▸ YOUR ASSIGNMENT
Whenever a line below holds the word "longleftrightarrow", count it; please give only the final number.

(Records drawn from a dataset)
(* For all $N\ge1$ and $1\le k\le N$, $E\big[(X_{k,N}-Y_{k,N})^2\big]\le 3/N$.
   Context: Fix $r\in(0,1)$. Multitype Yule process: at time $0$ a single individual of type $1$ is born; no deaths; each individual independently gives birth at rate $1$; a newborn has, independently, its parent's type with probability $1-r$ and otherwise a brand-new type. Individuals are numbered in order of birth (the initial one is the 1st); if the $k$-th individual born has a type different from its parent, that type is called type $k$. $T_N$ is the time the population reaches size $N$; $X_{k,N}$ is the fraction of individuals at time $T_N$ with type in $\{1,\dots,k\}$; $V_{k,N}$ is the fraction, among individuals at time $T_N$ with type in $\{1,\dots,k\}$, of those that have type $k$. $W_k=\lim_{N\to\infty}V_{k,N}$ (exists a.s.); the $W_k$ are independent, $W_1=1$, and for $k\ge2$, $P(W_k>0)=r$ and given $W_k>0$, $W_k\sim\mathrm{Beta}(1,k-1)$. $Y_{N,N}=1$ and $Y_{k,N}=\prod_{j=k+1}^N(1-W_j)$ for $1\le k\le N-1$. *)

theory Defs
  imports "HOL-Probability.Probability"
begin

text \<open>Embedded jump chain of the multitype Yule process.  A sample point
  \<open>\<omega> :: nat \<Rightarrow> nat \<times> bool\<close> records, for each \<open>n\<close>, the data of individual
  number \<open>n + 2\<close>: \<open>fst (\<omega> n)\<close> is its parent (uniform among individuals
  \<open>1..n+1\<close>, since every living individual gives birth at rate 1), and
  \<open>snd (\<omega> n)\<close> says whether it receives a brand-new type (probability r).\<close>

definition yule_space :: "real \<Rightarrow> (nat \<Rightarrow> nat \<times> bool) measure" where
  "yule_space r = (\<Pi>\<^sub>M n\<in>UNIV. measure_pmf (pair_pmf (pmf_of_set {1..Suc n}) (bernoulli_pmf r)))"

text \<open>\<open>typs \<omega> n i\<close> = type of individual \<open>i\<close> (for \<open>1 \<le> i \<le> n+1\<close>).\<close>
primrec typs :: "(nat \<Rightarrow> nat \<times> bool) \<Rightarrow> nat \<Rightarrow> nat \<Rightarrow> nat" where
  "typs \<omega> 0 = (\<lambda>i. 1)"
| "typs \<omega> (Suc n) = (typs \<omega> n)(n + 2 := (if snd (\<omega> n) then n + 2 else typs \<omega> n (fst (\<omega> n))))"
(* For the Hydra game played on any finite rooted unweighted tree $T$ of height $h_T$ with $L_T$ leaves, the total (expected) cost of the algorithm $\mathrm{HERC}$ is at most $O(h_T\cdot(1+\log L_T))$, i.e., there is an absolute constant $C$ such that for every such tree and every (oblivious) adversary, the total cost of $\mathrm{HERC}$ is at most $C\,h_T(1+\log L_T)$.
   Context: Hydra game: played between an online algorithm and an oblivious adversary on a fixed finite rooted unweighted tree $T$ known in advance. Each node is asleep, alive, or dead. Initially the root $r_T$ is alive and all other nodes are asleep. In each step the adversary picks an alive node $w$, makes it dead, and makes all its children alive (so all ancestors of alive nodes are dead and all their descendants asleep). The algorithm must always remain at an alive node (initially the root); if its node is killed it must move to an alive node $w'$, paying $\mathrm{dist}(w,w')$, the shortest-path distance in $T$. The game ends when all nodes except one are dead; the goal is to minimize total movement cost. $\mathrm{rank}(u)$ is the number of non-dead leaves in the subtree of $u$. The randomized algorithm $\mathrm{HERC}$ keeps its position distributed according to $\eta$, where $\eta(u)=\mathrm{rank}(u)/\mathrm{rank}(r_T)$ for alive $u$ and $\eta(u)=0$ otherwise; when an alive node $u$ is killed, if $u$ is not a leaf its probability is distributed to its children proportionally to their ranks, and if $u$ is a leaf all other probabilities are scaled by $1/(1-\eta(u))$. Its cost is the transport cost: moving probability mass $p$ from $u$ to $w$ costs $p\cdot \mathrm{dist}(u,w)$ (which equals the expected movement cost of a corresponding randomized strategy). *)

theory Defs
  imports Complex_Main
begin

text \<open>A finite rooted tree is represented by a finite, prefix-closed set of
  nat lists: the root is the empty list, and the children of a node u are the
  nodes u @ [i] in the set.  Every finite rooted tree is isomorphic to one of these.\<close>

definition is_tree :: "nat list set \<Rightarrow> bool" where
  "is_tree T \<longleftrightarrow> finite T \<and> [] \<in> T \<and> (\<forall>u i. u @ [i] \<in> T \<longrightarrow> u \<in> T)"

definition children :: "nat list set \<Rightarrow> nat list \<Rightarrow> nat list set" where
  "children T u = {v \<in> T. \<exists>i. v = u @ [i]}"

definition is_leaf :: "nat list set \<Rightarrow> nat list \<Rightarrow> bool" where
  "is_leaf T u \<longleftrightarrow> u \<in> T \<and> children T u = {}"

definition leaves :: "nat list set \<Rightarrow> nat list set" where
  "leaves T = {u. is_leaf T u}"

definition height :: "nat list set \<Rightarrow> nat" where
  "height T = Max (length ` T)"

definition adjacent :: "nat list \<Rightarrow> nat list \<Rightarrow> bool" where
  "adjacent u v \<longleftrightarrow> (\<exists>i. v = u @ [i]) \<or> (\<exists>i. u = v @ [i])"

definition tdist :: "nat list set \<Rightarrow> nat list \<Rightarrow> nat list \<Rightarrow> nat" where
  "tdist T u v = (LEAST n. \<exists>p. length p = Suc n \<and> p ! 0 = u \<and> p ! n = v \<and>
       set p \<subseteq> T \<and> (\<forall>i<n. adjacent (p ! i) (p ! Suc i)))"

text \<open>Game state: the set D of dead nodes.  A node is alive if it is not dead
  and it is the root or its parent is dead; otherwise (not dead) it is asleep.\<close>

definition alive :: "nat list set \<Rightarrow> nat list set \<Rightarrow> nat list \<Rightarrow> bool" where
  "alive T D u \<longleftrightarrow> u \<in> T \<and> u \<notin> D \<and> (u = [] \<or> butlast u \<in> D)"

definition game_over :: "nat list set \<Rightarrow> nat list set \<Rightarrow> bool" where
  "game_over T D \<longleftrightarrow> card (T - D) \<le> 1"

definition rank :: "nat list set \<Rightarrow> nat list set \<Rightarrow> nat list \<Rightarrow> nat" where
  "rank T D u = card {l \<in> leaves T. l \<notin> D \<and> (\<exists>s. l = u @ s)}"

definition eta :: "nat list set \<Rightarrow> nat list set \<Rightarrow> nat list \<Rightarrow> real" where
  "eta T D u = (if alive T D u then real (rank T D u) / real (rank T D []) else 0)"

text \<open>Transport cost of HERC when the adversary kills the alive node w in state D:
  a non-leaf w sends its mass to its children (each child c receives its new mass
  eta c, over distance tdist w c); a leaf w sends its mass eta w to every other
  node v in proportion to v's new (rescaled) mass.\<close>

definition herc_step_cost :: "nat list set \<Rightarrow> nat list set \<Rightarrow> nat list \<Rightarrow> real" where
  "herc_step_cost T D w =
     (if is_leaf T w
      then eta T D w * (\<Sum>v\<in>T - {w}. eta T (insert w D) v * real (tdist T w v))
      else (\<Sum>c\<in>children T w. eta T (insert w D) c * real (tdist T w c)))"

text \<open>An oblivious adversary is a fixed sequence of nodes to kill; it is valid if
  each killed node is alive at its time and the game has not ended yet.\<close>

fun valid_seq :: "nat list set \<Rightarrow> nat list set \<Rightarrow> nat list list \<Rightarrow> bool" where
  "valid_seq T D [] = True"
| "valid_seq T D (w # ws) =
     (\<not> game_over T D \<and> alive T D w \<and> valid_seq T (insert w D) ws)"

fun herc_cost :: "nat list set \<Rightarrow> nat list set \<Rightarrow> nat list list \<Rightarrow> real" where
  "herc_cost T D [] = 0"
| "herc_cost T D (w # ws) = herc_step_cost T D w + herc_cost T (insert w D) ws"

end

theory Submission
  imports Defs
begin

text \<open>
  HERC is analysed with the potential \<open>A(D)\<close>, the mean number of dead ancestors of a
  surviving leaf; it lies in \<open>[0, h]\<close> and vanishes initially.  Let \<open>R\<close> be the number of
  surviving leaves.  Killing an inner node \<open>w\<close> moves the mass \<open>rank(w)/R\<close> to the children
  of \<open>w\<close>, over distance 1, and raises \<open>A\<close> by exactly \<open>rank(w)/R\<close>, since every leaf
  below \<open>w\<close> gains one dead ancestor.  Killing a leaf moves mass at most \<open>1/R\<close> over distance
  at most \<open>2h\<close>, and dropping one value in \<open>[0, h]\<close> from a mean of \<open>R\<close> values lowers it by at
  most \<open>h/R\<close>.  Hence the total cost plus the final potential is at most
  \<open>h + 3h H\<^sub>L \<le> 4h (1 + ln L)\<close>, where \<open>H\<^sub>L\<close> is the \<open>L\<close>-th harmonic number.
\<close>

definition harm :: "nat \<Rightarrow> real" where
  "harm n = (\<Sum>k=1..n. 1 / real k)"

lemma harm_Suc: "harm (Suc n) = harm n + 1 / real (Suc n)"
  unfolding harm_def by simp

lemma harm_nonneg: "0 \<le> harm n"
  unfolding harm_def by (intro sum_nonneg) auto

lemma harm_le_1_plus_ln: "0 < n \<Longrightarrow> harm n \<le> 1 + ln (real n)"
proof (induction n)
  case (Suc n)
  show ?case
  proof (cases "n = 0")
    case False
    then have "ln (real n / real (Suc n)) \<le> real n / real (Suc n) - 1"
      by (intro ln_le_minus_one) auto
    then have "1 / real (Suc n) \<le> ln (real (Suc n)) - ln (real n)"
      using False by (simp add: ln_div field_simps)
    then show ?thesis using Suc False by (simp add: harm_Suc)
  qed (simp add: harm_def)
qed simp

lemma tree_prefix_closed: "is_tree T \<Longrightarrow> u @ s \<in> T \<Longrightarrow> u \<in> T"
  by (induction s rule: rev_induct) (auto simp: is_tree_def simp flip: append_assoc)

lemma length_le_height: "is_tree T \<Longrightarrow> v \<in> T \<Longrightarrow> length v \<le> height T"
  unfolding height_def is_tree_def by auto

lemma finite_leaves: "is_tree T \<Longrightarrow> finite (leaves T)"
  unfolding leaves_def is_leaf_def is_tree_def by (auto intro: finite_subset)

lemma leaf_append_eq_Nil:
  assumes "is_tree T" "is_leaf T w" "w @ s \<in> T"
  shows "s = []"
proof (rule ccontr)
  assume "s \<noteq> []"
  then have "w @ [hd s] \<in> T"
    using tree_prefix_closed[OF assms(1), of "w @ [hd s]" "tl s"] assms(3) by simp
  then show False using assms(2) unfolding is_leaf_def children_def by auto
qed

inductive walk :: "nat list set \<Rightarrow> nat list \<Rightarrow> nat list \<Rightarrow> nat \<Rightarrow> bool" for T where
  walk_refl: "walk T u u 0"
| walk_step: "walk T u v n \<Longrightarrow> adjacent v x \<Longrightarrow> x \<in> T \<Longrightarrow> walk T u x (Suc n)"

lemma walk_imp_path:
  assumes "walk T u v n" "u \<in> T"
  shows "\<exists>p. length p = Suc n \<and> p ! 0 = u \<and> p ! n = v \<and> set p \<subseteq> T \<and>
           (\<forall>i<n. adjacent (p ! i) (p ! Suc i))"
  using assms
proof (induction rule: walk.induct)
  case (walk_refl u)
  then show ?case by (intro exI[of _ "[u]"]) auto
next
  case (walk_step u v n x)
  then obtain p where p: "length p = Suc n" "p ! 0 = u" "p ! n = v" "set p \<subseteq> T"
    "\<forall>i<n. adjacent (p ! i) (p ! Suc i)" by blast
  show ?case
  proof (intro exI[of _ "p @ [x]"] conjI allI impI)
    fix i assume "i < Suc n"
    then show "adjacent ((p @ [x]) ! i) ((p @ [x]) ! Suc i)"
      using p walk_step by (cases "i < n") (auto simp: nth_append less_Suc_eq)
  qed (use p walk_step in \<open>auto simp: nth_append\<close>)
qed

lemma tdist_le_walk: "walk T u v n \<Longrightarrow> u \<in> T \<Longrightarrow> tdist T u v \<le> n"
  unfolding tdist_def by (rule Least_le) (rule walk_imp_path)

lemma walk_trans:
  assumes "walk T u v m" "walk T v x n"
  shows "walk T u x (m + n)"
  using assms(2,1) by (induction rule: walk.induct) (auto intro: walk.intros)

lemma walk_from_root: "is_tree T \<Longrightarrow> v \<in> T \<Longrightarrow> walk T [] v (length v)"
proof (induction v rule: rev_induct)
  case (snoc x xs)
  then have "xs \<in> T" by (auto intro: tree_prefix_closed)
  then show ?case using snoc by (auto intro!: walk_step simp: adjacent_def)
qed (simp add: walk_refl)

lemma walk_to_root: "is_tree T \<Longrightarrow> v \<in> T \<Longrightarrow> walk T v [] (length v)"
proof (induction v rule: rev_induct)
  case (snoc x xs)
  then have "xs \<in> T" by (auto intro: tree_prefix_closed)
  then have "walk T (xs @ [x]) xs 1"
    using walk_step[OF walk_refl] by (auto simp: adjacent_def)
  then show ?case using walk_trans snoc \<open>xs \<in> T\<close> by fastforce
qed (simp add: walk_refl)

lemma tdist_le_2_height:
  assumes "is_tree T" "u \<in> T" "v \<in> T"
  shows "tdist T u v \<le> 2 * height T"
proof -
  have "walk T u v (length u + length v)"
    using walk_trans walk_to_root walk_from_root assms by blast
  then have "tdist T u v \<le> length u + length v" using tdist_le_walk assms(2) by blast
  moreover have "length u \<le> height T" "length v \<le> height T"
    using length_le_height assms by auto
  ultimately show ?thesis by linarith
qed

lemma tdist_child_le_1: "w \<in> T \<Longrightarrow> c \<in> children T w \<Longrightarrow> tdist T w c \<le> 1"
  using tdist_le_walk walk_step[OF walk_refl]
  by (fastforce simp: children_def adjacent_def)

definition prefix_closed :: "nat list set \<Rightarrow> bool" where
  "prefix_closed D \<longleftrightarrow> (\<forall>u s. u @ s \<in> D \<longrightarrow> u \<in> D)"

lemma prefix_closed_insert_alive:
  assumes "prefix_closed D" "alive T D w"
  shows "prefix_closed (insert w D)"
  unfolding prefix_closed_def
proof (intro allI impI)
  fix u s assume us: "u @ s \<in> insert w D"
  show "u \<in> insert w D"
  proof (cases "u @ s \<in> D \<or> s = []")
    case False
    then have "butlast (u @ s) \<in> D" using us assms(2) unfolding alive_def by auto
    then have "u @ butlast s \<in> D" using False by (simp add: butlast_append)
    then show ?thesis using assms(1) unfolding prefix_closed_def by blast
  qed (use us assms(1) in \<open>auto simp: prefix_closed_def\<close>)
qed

▸ RESPONSE TO THE TASK
6